Commutes: There are a few popular schools in favourite districts along the East Coast. Depending location of your workplace, E.C buses are more convenient than train services--with efficient direct services plying central business routes. With numerous one way streets, often there is a bus stop in front of office building either at departure or destination making daily commutes highly accommodating and pleasurable. Without bias, if you adapt to early morning riser/ commuter before peaks, bus and train services are comfortable with a full choice of seats and a handful passengers.

Cards: Tailored for the masses, get a easylink credit card which allows you to top up at well situated located machines- and making bus/train commutes at lower rates plus forgoing the "exact change" habit.

Anyway, enjoy a smoothly patterned lifestyle in Singapore.


----------



## thewall (Jul 5, 2012)

lorgnette said:


> Timing: Without doubt, timing is crucial in registration. ...
> 
> Choices: With young children, HDB is a wise choice. Condos around the island have a mandated policy: .....
> 
> ...



Thanks for the tips... 

If I get thru this offer, I wont be there until Dec2012, and My kid will still be under 6 Jan 2013 (i think, age-wise she fails to qualify for P1 as per MOE rule), is there any Local school which starts K-1,2 & continues P1-onwards.

I have searched a bit, found *Blanagh Rise Primary *is the nearest to my Office. Other options I am considering *St. Margaret *near mount emily Park and *lakeside primary *near Jurong lake, *Fairfield methodist primary *on Dover road. Any idea on how easy/difficult getting into these schools.

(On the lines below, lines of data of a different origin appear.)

definition G_space :: "('g, 'b) monoid_scheme \<Rightarrow> 'g topology \<Rightarrow> 'x topology \<Rightarrow> ('g \<Rightarrow> 'x \<Rightarrow> 'x) \<Rightarrow> bool" where
  "G_space G TG TX act \<longleftrightarrow>
     continuous_map (prod_topology TG TX) TX (\<lambda>(g, x). act g x) \<and>
     (\<forall>x\<in>topspace TX. act \<one>\<^bsub>G\<^esub> x = x) \<and>
     (\<forall>g\<in>carrier G. \<forall>h\<in>carrier G. \<forall>x\<in>topspace TX. act (g \<otimes>\<^bsub>G\<^esub> h) x = act g (act h x))"

definition coset_topology :: "('g, 'b) monoid_scheme \<Rightarrow> 'g topology \<Rightarrow> 'g set \<Rightarrow> 'g set topology" where
  "coset_topology G TG H =
     topology (\<lambda>U. U \<subseteq> lcosets\<^bsub>G\<^esub> H \<and> openin TG {x \<in> carrier G. x <#\<^bsub>G\<^esub> H \<in> U})"

lemma istopology_coset_topology:
  "istopology (\<lambda>U. U \<subseteq> lcosets\<^bsub>G\<^esub> H \<and> openin TG {x \<in> carrier G. x <#\<^bsub>G\<^esub> H \<in> U})"
proof -
  have int: "{x \<in> carrier G. x <#\<^bsub>G\<^esub> H \<in> S \<inter> T} =
        {x \<in> carrier G. x <#\<^bsub>G\<^esub> H \<in> S} \<inter> {x \<in> carrier G. x <#\<^bsub>G\<^esub> H \<in> T}" for S T
    by auto
  have un: "{x \<in> carrier G. x <#\<^bsub>G\<^esub> H \<in> \<Union>K} =
        \<Union>((\<lambda>U. {x \<in> carrier G. x <#\<^bsub>G\<^esub> H \<in> U}) ` K)" for K
    by auto
  show ?thesis
    unfolding istopology_def
    by (auto simp only: int un intro!: openin_Int openin_Union)
qed

abbreviation coset_act :: "('g, 'b) monoid_scheme \<Rightarrow> 'g \<Rightarrow> 'g set \<Rightarrow> 'g set" where
  "coset_act G g C \<equiv> g <#\<^bsub>G\<^esub> C"

definition orbit_set :: "('g, 'b) monoid_scheme \<Rightarrow> ('g \<Rightarrow> 'x \<Rightarrow> 'x) \<Rightarrow> 'x set \<Rightarrow> 'x set" where
  "orbit_set G act S = {act g s | g s. g \<in> carrier G \<and> s \<in> S}"

definition is_slice :: "('g, 'b) monoid_scheme \<Rightarrow> 'x topology \<Rightarrow> ('g \<Rightarrow> 'x \<Rightarrow> 'x) \<Rightarrow> 'g set \<Rightarrow> 'x set \<Rightarrow> bool" where
  "is_slice G TX act H S \<longleftrightarrow>
     S \<subseteq> topspace TX \<and>
     {act h s | h s. h \<in> H \<and> s \<in> S} = S \<and>
     closedin (subtopology TX (orbit_set G act S)) S \<and>
     (\<forall>g \<in> carrier G - H. (act g ` S) \<inter> S = {}) \<and>
     openin TX (orbit_set G act S)"

definition is_global_slice :: "('g, 'b) monoid_scheme \<Rightarrow> 'x topology \<Rightarrow> ('g \<Rightarrow> 'x \<Rightarrow> 'x) \<Rightarrow> 'g set \<Rightarrow> 'x set \<Rightarrow> bool" where
  "is_global_slice G TX act H S \<longleftrightarrow> is_slice G TX act H S \<and> orbit_set G act S = topspace TX"

definition slicing_map :: "('g, 'b) monoid_scheme \<Rightarrow> ('g \<Rightarrow> 'x \<Rightarrow> 'x) \<Rightarrow> 'g set \<Rightarrow> 'x set \<Rightarrow> 'x \<Rightarrow> 'g set" where
  "slicing_map G act H S x =
     (SOME C. \<exists>g \<in> carrier G. \<exists>s \<in> S. x = act g s \<and> C = g <#\<^bsub>G\<^esub> H)"
theorem lemma3p2:
  fixes J0 :: "(real^2) set" and \<rho> :: real and P :: "(real^2) list measure"
  assumes J0_compact: "compact J0"
    and J0_reg: "closure (interior J0) = J0"
    and J0_comp: "finite (components J0)"
    and rho: "0 < \<rho>" "\<rho> < 1"
    and P_prob: "prob_space P"
    and L_meas: "(\<lambda>c. real (length c)) \<in> borel_measurable P"
    and L_bdd: "\<exists>M. AE c in P. length c \<le> M"
    and L_mean: "integral\<^sup>L P (\<lambda>c. real (length c)) = 1 / \<rho>"
    and maps_in: "AE c in P. \<forall>b\<in>set c. homothety \<rho> b ` J0 \<subseteq> J0"
    and surviving: "AE c in P. 1 \<le> length c"
  shows "\<exists>C>0. \<forall>X. (\<forall>w. 1 \<le> length (X w) \<and>
                        (\<forall>b\<in>set (X w). homothety \<rho> b ` J0 \<subseteq> J0)) \<longrightarrow>
           (\<forall>n r. diameter J0 * \<rho> ^ n \<le> r \<longrightarrow>
                  Fav (nbhd (gw_S J0 \<rho> X) r) \<ge> Fav (gw_Sn J0 \<rho> X n)) \<and>
           (\<forall>n r \<epsilon>. 0 < r \<and> r \<le> \<epsilon> * \<rho> ^ n \<longrightarrow>
                  Fav (nbhd (gw_S J0 \<rho> X) r) \<le> (1 + C * \<epsilon>) * Fav (gw_Sn J0 \<rho> X n))"
proof -
  obtain \<delta> where \<delta>: "0 < \<delta>" "\<forall>K\<in>components J0. \<exists>z. cball z \<delta> \<subseteq> K"
    using uniform_cball_in_components[OF compact_imp_closed[OF J0_compact] J0_reg J0_comp] by blast
  show ?thesis
  proof (intro exI[of _ "1 / \<delta>"] conjI allI impI)
    show "0 < 1 / \<delta>"
      using \<delta>(1) by simp
  next
    fix X :: "nat list \<Rightarrow> (real^2) list" and n r
    assume "\<forall>w. 1 \<le> length (X w) \<and> (\<forall>b\<in>set (X w). homothety \<rho> b ` J0 \<subseteq> J0)"
      and "diameter J0 * \<rho> ^ n \<le> r"
    then show "Fav (gw_Sn J0 \<rho> X n) \<le> Fav (nbhd (gw_S J0 \<rho> X) r)"
      using Fav_nbhd_gw_S_ge J0_compact rho(1) by (simp add: gw_surviving_def)
  next
    fix X :: "nat list \<Rightarrow> (real^2) list" and n r \<epsilon>
    assume "0 < r \<and> r \<le> \<epsilon> * \<rho> ^ n"
    then show "Fav (nbhd (gw_S J0 \<rho> X) r) \<le> (1 + 1 / \<delta> * \<epsilon>) * Fav (gw_Sn J0 \<rho> X n)"
      using Fav_nbhd_gw_S_le[OF J0_compact J0_comp rho(1) \<delta>] by simp
  qed
qed

end
(* Let $\gamma = G_P + Q$ be a graph, where one of the following holds: (1) $G_P$ is a planar graph and $Q$ is $K_{1,1}$, $K_{2,2}$, or a set (with no edges) of an even number of vertices; (2) $G_P$ is an outerplanar graph and $Q$ is a set (with no edges) of an odd number of vertices. Then $\gamma$ is achirally embeddable in $S^3$.
   Context: A graph is achirally embeddable in $S^3$ if it has an embedding $\Gamma$ in $S^3$ for which there is an orientation-reversing homeomorphism $h$ of $S^3$ with $h(\Gamma)=\Gamma$. The join $A+B$ of graphs $A$ and $B$ is $A\cup B$ together with edges joining every vertex of $A$ to every vertex of $B$. A planar graph is called outerplanar if its join with a single vertex is still planar. *)

theory Defs
  imports "HOL-Homology.Homology"
begin

definition simple_graph :: "'v set \<Rightarrow> 'v set set \<Rightarrow> bool" where
  "simple_graph V E \<longleftrightarrow> finite V \<and> E \<subseteq> {{a, b} | a b. a \<in> V \<and> b \<in> V \<and> a \<noteq> b}"
lemma maxfilter_bank_lipschitz_off_tie_hyperplanes:
  fixes z :: "'n::finite \<Rightarrow> real^'d"
  assumes G: "finite_orth_group G"
    and x: "x \<notin> tie_hyperplanes G z" and y: "y \<notin> tie_hyperplanes G z"
  shows "norm (maxfilter_bank G z y - maxfilter_bank G z x)
      \<le> maxfilter_lip_bound G z * norm (y - x)"
proof -
  let ?L = "maxfilter_lip_bound G z"
  let ?\<gamma> = "\<lambda>t. x + t *\<^sub>R (y - x)"
  let ?T = "{t. ?\<gamma> t \<in> tie_hyperplanes G z}"
  have "finite ?T"
    using finite_line_hyperplane_hits[OF finite_orbit_differences[OF G], where x = x and v = "y - x"] x
    by (simp add: tie_hyperplanes_def)
  moreover have "continuous_on {0..1} (\<lambda>t. maxfilter_bank G z (?\<gamma> t))"
    by (intro continuous_on_compose2[OF continuous_on_maxfilter_bank[OF G]] continuous_intros)
      auto
  moreover have "\<exists>D. ((\<lambda>t. maxfilter_bank G z (?\<gamma> t)) has_vector_derivative D) (at t)
      \<and> norm D \<le> ?L * norm (y - x)" if t: "t \<in> {0<..<1} - ?T" for t
  proof -
    obtain g where g: "\<forall>i. g i \<in> G" "?\<gamma> t \<in> common_voronoi G z g"
      using common_voronoi_off_tie_hyperplanes[OF G] t by blast
    then have "g \<in> compatible_choices G z"
      by (auto simp: compatible_choices_def)
    then show ?thesis
      using maxfilter_bank_has_vector_derivative_on_line[OF G g] norm_rows_le_maxfilter_lip_bound[OF G]
      by blast
  qed
  ultimately have "norm (maxfilter_bank G z (?\<gamma> 1) - maxfilter_bank G z (?\<gamma> 0))
      \<le> ?L * norm (y - x) * (1 - 0)"
    using maxfilter_lip_bound_nonneg[OF G, of z]
    by (intro norm_diff_le_of_vector_derivative_bound_off_finite) auto
  then show ?thesis by simp
qed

My office location Labrador Park MRT, so anywhere near Orange Circle-line MRT will be convenient for me. But since my wife takes full-time care of Kids my preference is to find Kids school within walking distance from HDB/Condo, even if it takes me extra travel effort to office. So school admission remains top on my agenda followed by search for nearby Condo/HDB.


----------



## lorgnette (Dec 19, 2010)

Once confirmed on the role, call ahead to a few primary schools/ kindergarten administrators and request appointments to visit after your arrival. Rather than depend on stranger's recommendations, you might prefer to visit each institution to sense a right feel- in environment or mix of kids/teachers or language choices rather than distance from work (as you could always commute earlier from home*). 

You will have less issues with attendance if you find a favourable place.

Once school is fixed, proceed to finding a HDB within the vicinity.

It is not absolutely valuable to have HDB, school and work along Circle line. Singapore is small and distance is relative. Getting a HDB with desired facilities or services is a priority over distance to work (so your wife with two kids could accommodate daily needs easily within walking distance). 

Crucial that school located close to accommodations for ease and a school bus availability option if needed.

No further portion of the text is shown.